- _Available data_:
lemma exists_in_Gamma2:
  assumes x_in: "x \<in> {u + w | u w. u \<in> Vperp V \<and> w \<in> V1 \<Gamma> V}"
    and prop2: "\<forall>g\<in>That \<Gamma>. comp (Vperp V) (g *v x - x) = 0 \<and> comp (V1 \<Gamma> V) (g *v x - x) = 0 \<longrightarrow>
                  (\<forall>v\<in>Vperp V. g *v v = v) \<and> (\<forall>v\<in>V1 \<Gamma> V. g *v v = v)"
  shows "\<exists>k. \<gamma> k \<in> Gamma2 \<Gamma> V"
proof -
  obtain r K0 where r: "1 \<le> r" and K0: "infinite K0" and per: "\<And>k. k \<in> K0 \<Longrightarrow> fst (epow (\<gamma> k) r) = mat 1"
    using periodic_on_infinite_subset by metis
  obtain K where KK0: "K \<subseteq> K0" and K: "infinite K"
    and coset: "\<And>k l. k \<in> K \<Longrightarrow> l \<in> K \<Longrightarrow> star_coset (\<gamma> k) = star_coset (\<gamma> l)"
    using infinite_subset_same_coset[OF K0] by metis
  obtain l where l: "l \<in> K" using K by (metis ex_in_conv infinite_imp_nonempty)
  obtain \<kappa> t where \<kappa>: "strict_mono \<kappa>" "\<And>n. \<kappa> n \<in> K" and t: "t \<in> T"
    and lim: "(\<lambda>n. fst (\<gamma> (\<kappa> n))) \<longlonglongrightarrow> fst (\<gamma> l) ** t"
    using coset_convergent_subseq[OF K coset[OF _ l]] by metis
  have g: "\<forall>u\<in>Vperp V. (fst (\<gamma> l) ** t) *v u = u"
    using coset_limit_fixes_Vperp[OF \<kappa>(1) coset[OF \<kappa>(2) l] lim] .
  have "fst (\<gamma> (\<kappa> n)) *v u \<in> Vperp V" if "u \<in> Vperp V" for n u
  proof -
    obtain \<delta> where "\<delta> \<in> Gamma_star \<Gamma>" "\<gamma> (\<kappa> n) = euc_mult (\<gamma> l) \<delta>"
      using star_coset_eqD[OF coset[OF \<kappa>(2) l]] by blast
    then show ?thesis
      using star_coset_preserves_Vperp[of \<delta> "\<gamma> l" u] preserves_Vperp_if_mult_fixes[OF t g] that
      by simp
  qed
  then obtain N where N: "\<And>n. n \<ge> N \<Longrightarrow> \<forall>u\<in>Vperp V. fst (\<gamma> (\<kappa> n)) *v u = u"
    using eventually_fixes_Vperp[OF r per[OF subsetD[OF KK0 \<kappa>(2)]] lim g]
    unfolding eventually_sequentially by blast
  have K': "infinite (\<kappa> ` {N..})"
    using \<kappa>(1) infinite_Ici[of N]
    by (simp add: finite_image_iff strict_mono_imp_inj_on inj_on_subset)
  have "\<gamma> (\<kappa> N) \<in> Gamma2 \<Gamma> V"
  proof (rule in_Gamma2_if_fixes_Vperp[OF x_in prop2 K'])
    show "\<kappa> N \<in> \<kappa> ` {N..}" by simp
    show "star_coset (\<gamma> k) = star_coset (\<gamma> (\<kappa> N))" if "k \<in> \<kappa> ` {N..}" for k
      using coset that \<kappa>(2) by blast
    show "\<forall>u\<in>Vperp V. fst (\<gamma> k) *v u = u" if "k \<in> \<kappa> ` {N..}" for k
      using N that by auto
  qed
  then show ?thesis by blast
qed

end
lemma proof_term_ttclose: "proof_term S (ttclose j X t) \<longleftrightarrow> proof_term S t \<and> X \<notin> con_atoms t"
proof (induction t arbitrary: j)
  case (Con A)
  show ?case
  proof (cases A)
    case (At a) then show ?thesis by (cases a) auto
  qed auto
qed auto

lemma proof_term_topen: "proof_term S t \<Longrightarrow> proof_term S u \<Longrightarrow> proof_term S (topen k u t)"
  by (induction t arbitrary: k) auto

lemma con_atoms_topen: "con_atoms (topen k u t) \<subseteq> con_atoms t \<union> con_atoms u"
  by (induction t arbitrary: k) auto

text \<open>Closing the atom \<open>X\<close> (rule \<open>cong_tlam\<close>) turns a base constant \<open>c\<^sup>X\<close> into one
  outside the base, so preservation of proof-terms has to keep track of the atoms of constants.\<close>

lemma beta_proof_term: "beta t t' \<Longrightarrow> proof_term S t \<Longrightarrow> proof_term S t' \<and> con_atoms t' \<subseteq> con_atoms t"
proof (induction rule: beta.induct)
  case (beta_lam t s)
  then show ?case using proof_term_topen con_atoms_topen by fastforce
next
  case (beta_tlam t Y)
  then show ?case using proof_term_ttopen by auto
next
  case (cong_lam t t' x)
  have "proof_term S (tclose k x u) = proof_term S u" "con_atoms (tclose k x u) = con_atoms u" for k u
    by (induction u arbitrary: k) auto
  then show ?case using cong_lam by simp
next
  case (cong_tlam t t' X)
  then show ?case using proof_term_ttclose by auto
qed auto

- _What needs to be done_: An exact repeat of the lines from the one containing "case (beta_lam t s)" through the final line above, both included, is the whole answer.

- _Answer section_:
  case (beta_lam t s)
  then show ?case using proof_term_topen con_atoms_topen by fastforce
next
  case (beta_tlam t Y)
  then show ?case using proof_term_ttopen by auto
next
  case (cong_lam t t' x)
  have "proof_term S (tclose k x u) = proof_term S u" "con_atoms (tclose k x u) = con_atoms u" for k u
    by (induction u arbitrary: k) auto
  then show ?case using cong_lam by simp
next
  case (cong_tlam t t' X)
  then show ?case using proof_term_ttclose by auto
qed auto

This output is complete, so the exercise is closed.